Does the IF <...> ABORT simplify reasoning though? If you restrict it to only 
dealing with the most recent row it would, but referencing the name implies 
you’d be able to include references from other operations, in which case you’d 
have the same problem.

> return instead an exception if the transaction is aborted

Since the txn is not actually interactive, I think it would be better to 
receive values instead of an excetion, to understand why the operation was 
rolled back.

On Jun 13, 2022, at 10:32 AM, Aaron Ploetz 
<aaronplo...@gmail.com<mailto:aaronplo...@gmail.com>> wrote:

Benedict,

I'm really excited about this feature.  I've been observing this conversation 
for a while now, and I"m happy to add some thoughts.

We must balance the fact we cannot afford to do everything (yet), against the 
need to make sure what we do is reasonably intuitive (to both CQL and SQL 
users) and consistent – including with whatever we do in future.

I think taking small steps forward, to build a few complete features as close 
to SQL as possible is a good approach.

question we are currently asking: do we want to have a more LWT-like 
approach... or do we want a more SQL-like approach

For years now we've been fighting this notion that Cassandra is difficult to 
use.  Coming up with specialized syntax isn't going to bridge that divide.  
From a (new?) user perspective, the best plan is to stay as consistent with SQL 
as possible.

I believe that is a MySQL specific concept. This is one problem with mimicking 
SQL – it’s not one thing!

Right?!?!  As if this needed to be more complex.

I think we have evidence that it is fine to interpret NULL as “false” for the 
evaluation of IF conditions.

Agree.  Null == false isn't too much of a leap.
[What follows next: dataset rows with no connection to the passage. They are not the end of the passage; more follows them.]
lemma prox_obj_minimizing_sequence:
  fixes h :: "'a::real_normed_vector \<Rightarrow> ereal"
  assumes G: "h \<in> Gamma0" and l: "l > 0"
  obtains m u where "\<And>z. ereal m \<le> prox_obj h l y z"
    and "\<And>n. prox_obj h l y (u n) < ereal (m + 1 / Suc n)"
proof -
  let ?k = "prox_obj h l y"
  obtain L where L: "\<And>u. ereal L \<le> ?k u" using prox_obj_bounded_below[OF G l] by blast
  obtain x1 a where x1: "h x1 = ereal a" using Gamma0D(4)[OF G] by blast
  have "ereal L \<le> (INF u. ?k u)" "(INF u. ?k u) \<le> ?k x1"
    by (auto intro: INF_greatest L INF_lower)
  then obtain m where m: "(INF u. ?k u) = ereal m"
    using x1 by (cases "INF u. ?k u") (auto simp: prox_obj_def)
  have low: "ereal m \<le> ?k z" for z using INF_lower[of z UNIV ?k] m by simp
  have "\<exists>u. ?k u < ereal (m + 1 / Suc n)" for n
  proof -
    have "(INF u. ?k u) < ereal (m + 1 / Suc n)" using m by simp
    then show ?thesis by (simp add: INF_less_iff)
  qed
  then obtain u where "\<And>n. ?k (u n) < ereal (m + 1 / Suc n)" by metis
  with low show thesis by (rule that)
qed

lemma proximal_point_exists:
  fixes h :: "'a::{real_inner,complete_space} \<Rightarrow> ereal"
  assumes G: "h \<in> Gamma0" and l: "l > 0"
  obtains v where "proximal_point h l y v"
proof -
  let ?k = "prox_obj h l y"
  obtain m u where low: "\<And>z. ereal m \<le> ?k z" and u: "\<And>n. ?k (u n) < ereal (m + 1 / Suc n)"
    using prox_obj_minimizing_sequence[OF G l, where y = y] by blast
  have "(norm (u n - u j))\<^sup>2 \<le> 4 * l * (1 / Suc n + 1 / Suc j)" for n j
    using Gamma0D(1,3)[OF G] l low less_imp_le[OF u[of n]] less_imp_le[OF u[of j]]
    by (rule prox_obj_near_minimizers_close)
  then have "Cauchy u" by (rule Cauchy_if_sq_dist_le_harmonic)
  then obtain v where v: "u \<longlonglongrightarrow> v" using Cauchy_convergent_iff convergent_def by blast
  have "h v \<le> ereal (m - (norm (y - v))\<^sup>2 / (2*l))"
  proof (rule lsc_fun_LIMSEQ_le[OF Gamma0D(2)[OF G] v])
    show "h (u n) \<le> ereal (m + inverse (Suc n) - (norm (y - u n))\<^sup>2 / (2*l))" for n
      using u[of n] Gamma0D(3)[OF G, of "u n"]
      by (cases "h (u n)") (auto simp: prox_obj_def inverse_eq_divide)
    have "(\<lambda>n. m + inverse (Suc n) - (norm (y - u n))\<^sup>2 / (2*l))
        \<longlonglongrightarrow> m + 0 - (norm (y - v))\<^sup>2 / (2*l)"
      using l by (intro tendsto_intros LIMSEQ_inverse_real_of_nat v) simp
    then show "(\<lambda>n. m + inverse (Suc n) - (norm (y - u n))\<^sup>2 / (2*l))
        \<longlonglongrightarrow> m - (norm (y - v))\<^sup>2 / (2*l)" by simp
  qed
  then have "?k v \<le> ereal (m - (norm (y - v))\<^sup>2 / (2*l)) + ereal ((norm (y - v))\<^sup>2 / (2*l))"
    unfolding prox_obj_def by (rule add_right_mono)
  then have kv: "?k v \<le> ereal m" by simp
  have "proximal_point h l y v"
    unfolding proximal_point_def
  proof
    show "?k v \<le> ?k z" for z using kv low[of z] by (rule order_trans)
  qed
  then show thesis by (rule that)
qed

lemma proximal_point_finite:
  assumes "h \<in> Gamma0" "proximal_point h l y v"
  shows "h v \<noteq> \<infinity>"
proof
  assume "h v = \<infinity>"
  obtain x1 a where "h x1 = ereal a" using Gamma0D(4)[OF assms(1)] by blast
  then show False
    using assms(2) \<open>h v = \<infinity>\<close> by (auto simp: proximal_point_def prox_obj_def dest: spec[of _ x1])
qed

lemma proximal_point_unique:
  fixes h :: "'a::real_inner \<Rightarrow> ereal"
  assumes G: "h \<in> Gamma0" and l: "l > 0"
    and v: "proximal_point h l y v" and w: "proximal_point h l y w"
  shows "v = w"
proof -
  obtain m where m: "prox_obj h l y v = ereal m"
    using proximal_point_finite[OF G v] Gamma0D(3)[OF G, of v]
    by (cases "h v") (auto simp: prox_obj_def)
  have low: "ereal m \<le> prox_obj h l y z" for z
    using v unfolding proximal_point_def m[symmetric] by blast
  have "prox_obj h l y v \<le> ereal (m + 0)" using m by simp
  moreover have "prox_obj h l y w \<le> ereal (m + 0)"
    using w m unfolding proximal_point_def by (metis add.right_neutral)
  ultimately have "(norm (v - w))\<^sup>2 \<le> 4 * l * (0 + 0)"
    by (rule prox_obj_near_minimizers_close[OF Gamma0D(1,3)[OF G] l low])
  then show ?thesis by simp
qed

lemma proximal_point_subgradient:
  fixes h :: "'a::real_inner \<Rightarrow> ereal"
  assumes conv: "convex_fun h" and nm: "\<And>x. h x \<noteq> -\<infinity>" and l: "l > 0"
    and v: "proximal_point h l y v" and hv: "h v = ereal a"
  shows "h v + ereal (inner (y - v) (u - v) / l) \<le> h u"
proof (cases "h u")
  case (real b)
  define g where "g = inner (y - v) (u - v) / l"
  define D where "D = (norm (u - v))\<^sup>2"
  have step: "a + g \<le> b + t * D / (2*l)" if t: "0 < t" "t < 1" for t
  proof -
    define ut where "ut = (1 - t) *\<^sub>R v + t *\<^sub>R u"
    have "(norm (y - ut))\<^sup>2 / (2*l) = (norm (y - v))\<^sup>2 / (2*l) - t * g + t * (t * D / (2*l))"
      unfolding ut_def g_def D_def power2_norm_eq_inner using l
      by (simp add: inner_diff_left inner_diff_right inner_add_left inner_add_right inner_commute
          field_simps power2_eq_square)
    moreover have "a + (norm (y - v))\<^sup>2 / (2*l) \<le> (1 - t) * a + t * b + (norm (y - ut))\<^sup>2 / (2*l)"
    proof -
      have "ereal (a + (norm (y - v))\<^sup>2 / (2*l)) \<le> prox_obj h l y ut"
        using v[unfolded proximal_point_def, rule_format, of ut] by (simp add: prox_obj_def hv)
      also have "\<dots> \<le> ereal ((1 - t) * a + t * b) + ereal ((norm (y - ut))\<^sup>2 / (2*l))"
        unfolding prox_obj_def ut_def by (rule add_right_mono[OF convex_funD_ereal[OF conv hv real t]])
      finally show ?thesis by simp
    qed
    ultimately have "t * (a + g) \<le> t * (b + t * D / (2*l))"
      by (simp add: algebra_simps)
    then show ?thesis using t by simp
  qed
  have "eventually (\<lambda>t. a + g \<le> b + t * D / (2*l)) (at_right 0)"
    using eventually_at_right_real[OF zero_less_one] by eventually_elim (auto intro: step)
  moreover have "((\<lambda>t. b + t * D / (2*l)) \<longlongrightarrow> b + 0 * D / (2*l)) (at_right 0)"
    using l by (intro tendsto_intros) simp
  ultimately have "a + g \<le> b + 0 * D / (2*l)"
    by (intro tendsto_lowerbound[OF _ _ trivial_limit_at_right_real]) auto
  then show ?thesis using hv real by (simp add: g_def)
qed (use nm in auto)
(* Let $P_m(z)=\sum_{j=0}^m \frac{(2m-j)!}{j!(m-j)!}z^j$ and $R_m(z)=P_m(z)/P_m(-z)$. If $m$ is even, let $\hat z_m(t,0)$ be the solution of $R_m(z)=e^t$ satisfying $\hat z_m(t,0)=D_m/t+\mathcal{O}(1)$ as $|t|\to0$ for some constant $D_m>0$; if $m$ is odd, let $\hat z_m(t,\pi)$ be the solution of $R_m(z)=-e^t$ satisfying $\hat z_m(t,\pi)=E_m/t+\mathcal{O}(1)$ as $|t|\to0$ for some constant $E_m>0$. Then, as $|t|\to0$, $$R_m'(\hat z_m(t,0))=\mathcal{O}(t^2)\ \text{ for even } m,\qquad R_m'(\hat z_m(t,\pi))=\mathcal{O}(t^2)\ \text{ for odd } m.$$
   Context: $R_m$ is the stability function of the $m$-stage Gauss Runge–Kutta method (the $(m,m)$-Padé approximant of $e^z$). For even $m$ exactly one solution of $R_m(z)=e^t$, and for odd $m$ exactly one solution of $R_m(z)=-e^t$, tends to infinity as $t\to0$, with the stated asymptotics. *)

theory Defs
  imports "HOL-Analysis.Analysis" "HOL-Library.Landau_Symbols"
begin

text \<open>Numerator of the (m,m)-Pade approximant of exp.\<close>
definition gaussP :: "nat \<Rightarrow> complex \<Rightarrow> complex" where
  "gaussP m z = (\<Sum>j=0..m. of_real (fact (2*m - j) / (fact j * fact (m - j))) * z ^ j)"

definition gaussR :: "nat \<Rightarrow> complex \<Rightarrow> complex" where
  "gaussR m z = gaussP m z / gaussP m (- z)"

end

theory Submission
  imports Defs "HOL-Complex_Analysis.Cauchy_Integral_Formula"
begin

(* Numerator and denominator of R_m have the same degree m, so in the chart w = 1/z at infinity
   R_m(z) = (-1)^m Q(w)/Q(-w), where Q(w) = w^m P_m(1/w) is the reversed polynomial and Q(0) = 1.
   Hence R_m is analytic at infinity, and the chain rule gives R_m'(z) = O(z^-2) as z -> infinity.
   Since \hat z ~ D/t, this is O(t^2). *)

lemma sum_power_inverse_reflect:
  fixes c :: "nat \<Rightarrow> 'a::field"
  assumes "w \<noteq> 0"
  shows "w ^ n * (\<Sum>j=0..n. c j * inverse w ^ j) = (\<Sum>j=0..n. c j * w ^ (n - j))"
  unfolding sum_distrib_left
proof (rule sum.cong)
  fix j assume "j \<in> {0..n}"
  then have "w ^ n = w ^ (n - j) * w ^ j"
    by (simp add: power_add[symmetric])
  then show "w ^ n * (c j * inverse w ^ j) = c j * w ^ (n - j)"
    using assms by (simp add: field_simps)
qed simp

lemma deriv_bigo_at_infinity_if_analytic_at_inverse:
  fixes f g :: "complex \<Rightarrow> complex"
  assumes f: "f analytic_on {0}" and g: "\<And>z. z \<noteq> 0 \<Longrightarrow> g z = f (inverse z)"
  shows "deriv g \<in> O[at_infinity](\<lambda>z. inverse z ^ 2)"
proof -
  obtain r where r: "r > 0" "f holomorphic_on ball 0 r"
    using f analytic_at_ball by blast
  have deriv_g: "deriv g z = - deriv f (inverse z) * inverse z ^ 2" if z: "2 / r \<le> norm z" for z
  proof -
    have "1 / r < norm z"
      using z r(1) by (simp add: field_simps)
    then have "norm (inverse z) < r"
      using r(1) less_imp_inverse_less[of "1 / r" "norm z"] by (simp add: norm_inverse)
    then have "z \<noteq> 0" "inverse z \<in> ball 0 r"
      using \<open>1 / r < norm z\<close> r(1) by auto
    then have "((\<lambda>z. f (inverse z)) has_field_derivative
                 deriv f (inverse z) * - (inverse z ^ Suc (Suc 0))) (at z)"
      by (intro DERIV_chain2[OF holomorphic_derivI[OF r(2)] DERIV_inverse]) auto
    then have "(g has_field_derivative deriv f (inverse z) * - (inverse z ^ Suc (Suc 0))) (at z)"
      by (rule has_field_derivative_transform_within_open[where S = "- {0}"])
         (use \<open>z \<noteq> 0\<close> g in auto)
    then show ?thesis
      by (simp add: DERIV_imp_deriv numeral_2_eq_2)
  qed
  have "((\<lambda>z. - deriv f (inverse z)) \<longlongrightarrow> - deriv f 0) at_infinity"
    by (intro tendsto_minus isCont_tendsto_compose[OF _ tendsto_inverse_0]
        analytic_at_imp_isCont analytic_deriv f)
  moreover have "\<forall>\<^sub>F z in at_infinity. - deriv f (inverse z) = deriv g z / inverse z ^ 2
                   \<and> inverse z ^ 2 \<noteq> 0"
    unfolding eventually_at_infinity using r(1)
    by (intro exI[of _ "2 / r"]) (auto simp: deriv_g)
  ultimately show ?thesis
    by (intro bigoI_tendsto[where c = "- deriv f 0"])
       (auto elim: eventually_mono intro: tendsto_cong[THEN iffD1])
qed

definition gaussP_rev :: "nat \<Rightarrow> complex \<Rightarrow> complex" where
  "gaussP_rev m w = (\<Sum>j=0..m. of_real (fact (2*m - j) / (fact j * fact (m - j))) * w ^ (m - j))"

lemma gaussP_rev_eq: "w \<noteq> 0 \<Longrightarrow> gaussP_rev m w = w ^ m * gaussP m (inverse w)"
  unfolding gaussP_rev_def gaussP_def by (rule sum_power_inverse_reflect[symmetric])

lemma analytic_on_gaussP_rev [analytic_intros]:
  "f analytic_on A \<Longrightarrow> (\<lambda>w. gaussP_rev m (f w)) analytic_on A"
  unfolding gaussP_rev_def by (intro analytic_intros)

lemma gaussP_rev_0: "gaussP_rev m 0 = 1"
proof -
  have "gaussP_rev m 0 = (\<Sum>j\<in>{m}. of_real (fact (2*m - j) / (fact j * fact (m - j))))"
    unfolding gaussP_rev_def by (intro sum.mono_neutral_cong_right) auto
  then show ?thesis by simp
qed

lemma gaussR_eq_gaussP_rev:
  assumes "z \<noteq> 0"
  shows "gaussR m z = (-1) ^ m * (gaussP_rev m (inverse z) / gaussP_rev m (- inverse z))"
proof -
  define s a where "s = (-1 :: complex) ^ m" and "a = inverse z ^ m"
  have "s * s = 1" "a \<noteq> 0"
    using assms by (simp_all add: s_def a_def power_mult_distrib[symmetric])
  have "(- inverse z) ^ m = s * a"
    unfolding s_def a_def by (rule power_minus)
  then have "gaussP_rev m (- inverse z) = s * (a * gaussP m (- z))"
    using assms gaussP_rev_eq[of "- inverse z" m] by simp
  moreover have "gaussP_rev m (inverse z) = a * gaussP m z"
    using assms gaussP_rev_eq[of "inverse z" m] by (simp add: a_def)
  ultimately show ?thesis
    using \<open>s * s = 1\<close> \<open>a \<noteq> 0\<close> by (auto simp: gaussR_def s_def[symmetric])
qed

lemma deriv_gaussR_bigo_at_infinity: "deriv (gaussR m) \<in> O[at_infinity](\<lambda>z. inverse z ^ 2)"
proof (rule deriv_bigo_at_infinity_if_analytic_at_inverse)
  show "(\<lambda>w. (-1) ^ m * (gaussP_rev m w / gaussP_rev m (- w))) analytic_on {0}"
    using gaussP_rev_0[of m] by (intro analytic_intros) auto
qed (rule gaussR_eq_gaussP_rev)

lemma tendsto_of_real_mult_if_bigo_pole:
  fixes f :: "real \<Rightarrow> 'a::real_normed_field"
  assumes "(\<lambda>t. f t - of_real (D / t)) \<in> O[at 0](\<lambda>_. 1)"
  shows "((\<lambda>t. of_real t * f t) \<longlongrightarrow> of_real D) (at 0)"
proof -
  have "(\<lambda>t. of_real t :: 'a) \<in> o[at 0](\<lambda>_. 1)"
    by (intro smalloI_tendsto) (auto intro!: tendsto_eq_intros)
  from landau_o.small_big_mult[OF this assms]
  have "((\<lambda>t. of_real t * (f t - of_real (D / t))) \<longlongrightarrow> 0) (at 0)"
    using smalloD_tendsto by fastforce
  then have "((\<lambda>t. of_real D + of_real t * (f t - of_real (D / t))) \<longlongrightarrow> of_real D) (at 0)"
    using tendsto_add[OF tendsto_const] by fastforce
  moreover have "\<forall>\<^sub>F t in at 0. of_real D + of_real t * (f t - of_real (D / t)) = of_real t * f t"
    by (auto simp: eventually_at_filter field_simps)
  ultimately show ?thesis
    by (rule tendsto_cong[THEN iffD1, rotated])
qed

lemma filterlim_at_infinity_if_tendsto_of_real_mult:
  fixes f :: "real \<Rightarrow> 'a::real_normed_field"
  assumes "((\<lambda>t. of_real t * f t) \<longlongrightarrow> c) (at 0)" and "c \<noteq> 0"
  shows "filterlim f at_infinity (at 0)"
proof -
  have "filterlim (\<lambda>t. of_real (inverse t) :: 'a) at_infinity (at 0)"
    using filterlim_inverse_at_infinity[where 'a = real]
    by (simp add: filterlim_at_infinity_conv_norm_at_top norm_inverse)
  with assms have "filterlim (\<lambda>t. of_real t * f t * of_real (inverse t)) at_infinity (at 0)"
    by (rule tendsto_mult_filterlim_at_infinity)
  then show ?thesis
    by (rule filterlim_cong[THEN iffD1, rotated 3]) (auto simp: eventually_at_filter)
qed

lemma inverse_bigo_if_tendsto_of_real_mult:
  fixes f :: "real \<Rightarrow> 'a::real_normed_field"
  assumes "((\<lambda>t. of_real t * f t) \<longlongrightarrow> c) (at 0)" and "c \<noteq> 0"
  shows "(\<lambda>t. inverse (f t)) \<in> O[at 0](\<lambda>t. of_real t)"
proof (rule bigoI_tendsto)
  have "(\<lambda>t. inverse (f t) / of_real t) = (\<lambda>t. inverse (of_real t * f t))"
    by (simp add: field_simps)
  moreover have "(\<lambda>t. inverse (of_real t * f t)) \<midarrow>0\<rightarrow> inverse c"
    using assms by (intro tendsto_intros)
  ultimately show "(\<lambda>t. inverse (f t) / of_real t) \<midarrow>0\<rightarrow> inverse c"
    by (simp only:)
  show "\<forall>\<^sub>F t in at 0. (of_real t :: 'a) \<noteq> 0"
    by (auto simp: eventually_at_filter)
qed

theorem lemma5:
  fixes m :: nat and zh :: "real \<Rightarrow> complex" and D :: real
  assumes "m \<ge> 1"
    and "\<forall>\<^sub>F t in at 0. gaussR m (zh t) = (if even m then exp (of_real t) else - exp (of_real t))"
    and "D > 0"
    and "(\<lambda>t. zh t - of_real (D / t)) \<in> O[at 0](\<lambda>_. 1)"
  shows "(\<lambda>t. deriv (gaussR m) (zh t)) \<in> O[at 0](\<lambda>t. (of_real t)^2)"
proof -
  have lim: "((\<lambda>t. of_real t * zh t) \<longlongrightarrow> of_real D) (at 0)"
    using assms(4) by (rule tendsto_of_real_mult_if_bigo_pole)
  have D: "complex_of_real D \<noteq> 0"
    using assms(3) by simp
  have "(\<lambda>t. deriv (gaussR m) (zh t)) \<in> O[at 0](\<lambda>t. inverse (zh t) ^ 2)"
    using deriv_gaussR_bigo_at_infinity filterlim_at_infinity_if_tendsto_of_real_mult[OF lim D]
    by (rule landau_o.big.compose)
  also have "(\<lambda>t. inverse (zh t) ^ 2) \<in> O[at 0](\<lambda>t. (of_real t)^2)"
    using inverse_bigo_if_tendsto_of_real_mult[OF lim D] by (rule landau_o.big_power)
  finally show ?thesis .
qed

end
Thanks for taking up the charge on this one.  Glad to see it moving forward!

Thanks,

Aaron



On Sun, Jun 12, 2022 at 10:33 AM 
bened...@apache.org<mailto:bened...@apache.org> 
<bened...@apache.org<mailto:bened...@apache.org>> wrote:
Welcome Li, and thanks for your input

> When I first saw the syntax, I took it for granted that the condition was 
> evaluated against the state AFTER the updates

Depending what you mean, I think this is one of the options being considered. 
At least, it seems this syntax is most likely to be evaluated against the 
values written by preceding statements in the batch, but not the statement 
itself (or later ones), as this could lead to nonsensical statements like

BEGIN TRANSACTION
UPDATE tbl SET v = 1 WHERE key = 1 AS tbl
COMMIT TRANSACTION IF tbl.v = 0

Where y is never 0 afterwards, so this never succeeds. I take it in this simple 
case you would expect the condition to be evaluated against the state prior to 
the statement (i.e. the initial state)?

But we have a blank slate, so every option is available to us! We just need to 
make sure it makes sense to the user, even in uncommon cases.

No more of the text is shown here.